▶ _Task goal_
When the line containing "q\<^sup>2 - (B" is found in the data below, copy it and each line after it through the line containing "using quadratic_moment_pos_imp_small_product[OF _ \<open>A", exactly and with no others.

▶ _Data shown_
lemma multiplicity_sum_ge_of_dvd_product:
  fixes a b c :: int
  assumes "a \<noteq> 0" "b \<noteq> 0" "c \<noteq> 0" "(2 ^ m)\<^sup>2 dvd a * b * c"
  shows "2 * m \<le> multiplicity 2 a + multiplicity 2 b + multiplicity 2 c"
proof -
  have "(2::int) ^ (2 * m) dvd a * b * c"
    using assms(4) by (simp add: power_mult mult.commute)
  then have "2 * m \<le> multiplicity 2 (a * b * c)"
    using assms(1-3) by (subst (asm) power_dvd_iff_le_multiplicity) auto
  also have "\<dots> = multiplicity 2 a + multiplicity 2 b + multiplicity 2 c"
    using assms(1-3) by (simp add: prime_elem_multiplicity_mult_distrib)
  finally show ?thesis .
qed

lemma no_three_nonzero_values:
  fixes A B C q :: int
  assumes q: "q = 2 ^ m" and order: "A < B" "B < C"
    and nonzero: "A \<noteq> 0" "B \<noteq> 0" "C \<noteq> 0"
    and bounded: "\<bar>A\<bar> < q" "\<bar>B\<bar> < q" "\<bar>C\<bar> < q"
    and BC: "0 < q\<^sup>2 - (B + C) * q + B * C * (q - 1)"
    and AC: "q\<^sup>2 - (A + C) * q + A * C * (q - 1) < 0"
    and AB: "0 < q\<^sup>2 - (A + B) * q + A * B * (q - 1)"
    and cube: "q\<^sup>2 dvd (q + A) * (q + B) * (q + C)"
  shows False
proof -
  define v where "v w = multiplicity (2::int) (q + w)" for w
  have "1 < q"
    using bounded(1) nonzero(1) by linarith
  then have "m \<noteq> 0"
    using q by (metis power_0 less_irrefl)
  then have "2 \<le> q"
    using q by (simp add: self_le_power)
  have "A * C < 0"
    using quadratic_moment_neg_imp_opposite_signs[OF \<open>2 \<le> q\<close> _ _ AC] bounded by simp
  then have "A < 0" "0 < C"
    using order by (auto simp: mult_less_0_iff)
  have valuations: "2 * m \<le> v A + v B + v C"
    using multiplicity_sum_ge_of_dvd_product[OF _ _ _ cube[unfolded q]] bounded
    by (auto simp: q v_def)
  show False
  proof (cases "0 < B")
    case True
    have "\<bar>A * B\<bar> < 2 * q"
      using quadratic_moment_pos_imp_small_product[OF _ \<open>A < 0\<close> True _ AB] \<open>2 \<le> q\<close> bounded
      by simp
    then have "v A + v B \<le> m"
      using multiplicity_two_power_add_pair[of A B m] nonzero bounded by (simp add: q v_def)
    moreover have "v C < m"
      using multiplicity_two_power_add(1)[of C m] nonzero bounded by (simp add: q v_def)
    ultimately show False
      using valuations by linarith
  next
    case False
    then have "B < 0"
      using nonzero by simp
    have "\<bar>B * C\<bar> < 2 * q"
      using quadratic_moment_pos_imp_small_product[OF _ \<open>B < 0\<close> \<open>0 < C\<close> _ BC] \<open>2 \<le> q\<close> bounded
      by simp
    then have "v B + v C \<le> m"
      using multiplicity_two_power_add_pair[of B C m] nonzero bounded by (simp add: q v_def)
    moreover have "v A < m"
      using multiplicity_two_power_add(1)[of A m] nonzero bounded by (simp add: q v_def)
    ultimately show False
      using valuations by linarith
  qed
qed

lemma sum_quadratic_moment:
  fixes f :: "'b \<Rightarrow> int"
  shows "(\<Sum>a\<in>D. (f a - x) * (f a - y))
    = (\<Sum>a\<in>D. (f a)\<^sup>2) - (x + y) * (\<Sum>a\<in>D. f a) + x * y * int (card D)"
proof -
  have "(\<Sum>a\<in>D. (f a - x) * (f a - y)) = (\<Sum>a\<in>D. (f a)\<^sup>2 - (x + y) * f a + x * y)"
    by (rule sum.cong) (auto simp: algebra_simps power2_eq_square)
  then show ?thesis
    by (simp add: sum.distrib sum_subtractf sum_distrib_left)
qed

lemma sum_cubic_moment:
  fixes f :: "'b \<Rightarrow> int"
  shows "(\<Sum>a\<in>D. (f a - x) * (f a - y) * (f a - z))
    = (\<Sum>a\<in>D. f a ^ 3) - (x + y + z) * (\<Sum>a\<in>D. (f a)\<^sup>2)
      + (x * y + y * z + z * x) * (\<Sum>a\<in>D. f a) - x * y * z * int (card D)"
proof -
  have "(\<Sum>a\<in>D. (f a - x) * (f a - y) * (f a - z))
      = (\<Sum>a\<in>D. f a ^ 3 - (x + y + z) * (f a)\<^sup>2 + (x * y + y * z + z * x) * f a - x * y * z)"
    by (rule sum.cong) (auto simp: algebra_simps power2_eq_square power3_eq_cube)
  then show ?thesis
    by (simp add: sum.distrib sum_subtractf sum_distrib_left)
qed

▶ _Problem solution_
    and BC: "0 < q\<^sup>2 - (B + C) * q + B * C * (q - 1)"
    and AC: "q\<^sup>2 - (A + C) * q + A * C * (q - 1) < 0"
    and AB: "0 < q\<^sup>2 - (A + B) * q + A * B * (q - 1)"
    and cube: "q\<^sup>2 dvd (q + A) * (q + B) * (q + C)"
  shows False
proof -
  define v where "v w = multiplicity (2::int) (q + w)" for w
  have "1 < q"
    using bounded(1) nonzero(1) by linarith
  then have "m \<noteq> 0"
    using q by (metis power_0 less_irrefl)
  then have "2 \<le> q"
    using q by (simp add: self_le_power)
  have "A * C < 0"
    using quadratic_moment_neg_imp_opposite_signs[OF \<open>2 \<le> q\<close> _ _ AC] bounded by simp
  then have "A < 0" "0 < C"
    using order by (auto simp: mult_less_0_iff)
  have valuations: "2 * m \<le> v A + v B + v C"
    using multiplicity_sum_ge_of_dvd_product[OF _ _ _ cube[unfolded q]] bounded
    by (auto simp: q v_def)
  show False
  proof (cases "0 < B")
    case True
    have "\<bar>A * B\<bar> < 2 * q"
      using quadratic_moment_pos_imp_small_product[OF _ \<open>A < 0\<close> True _ AB] \<open>2 \<le> q\<close> bounded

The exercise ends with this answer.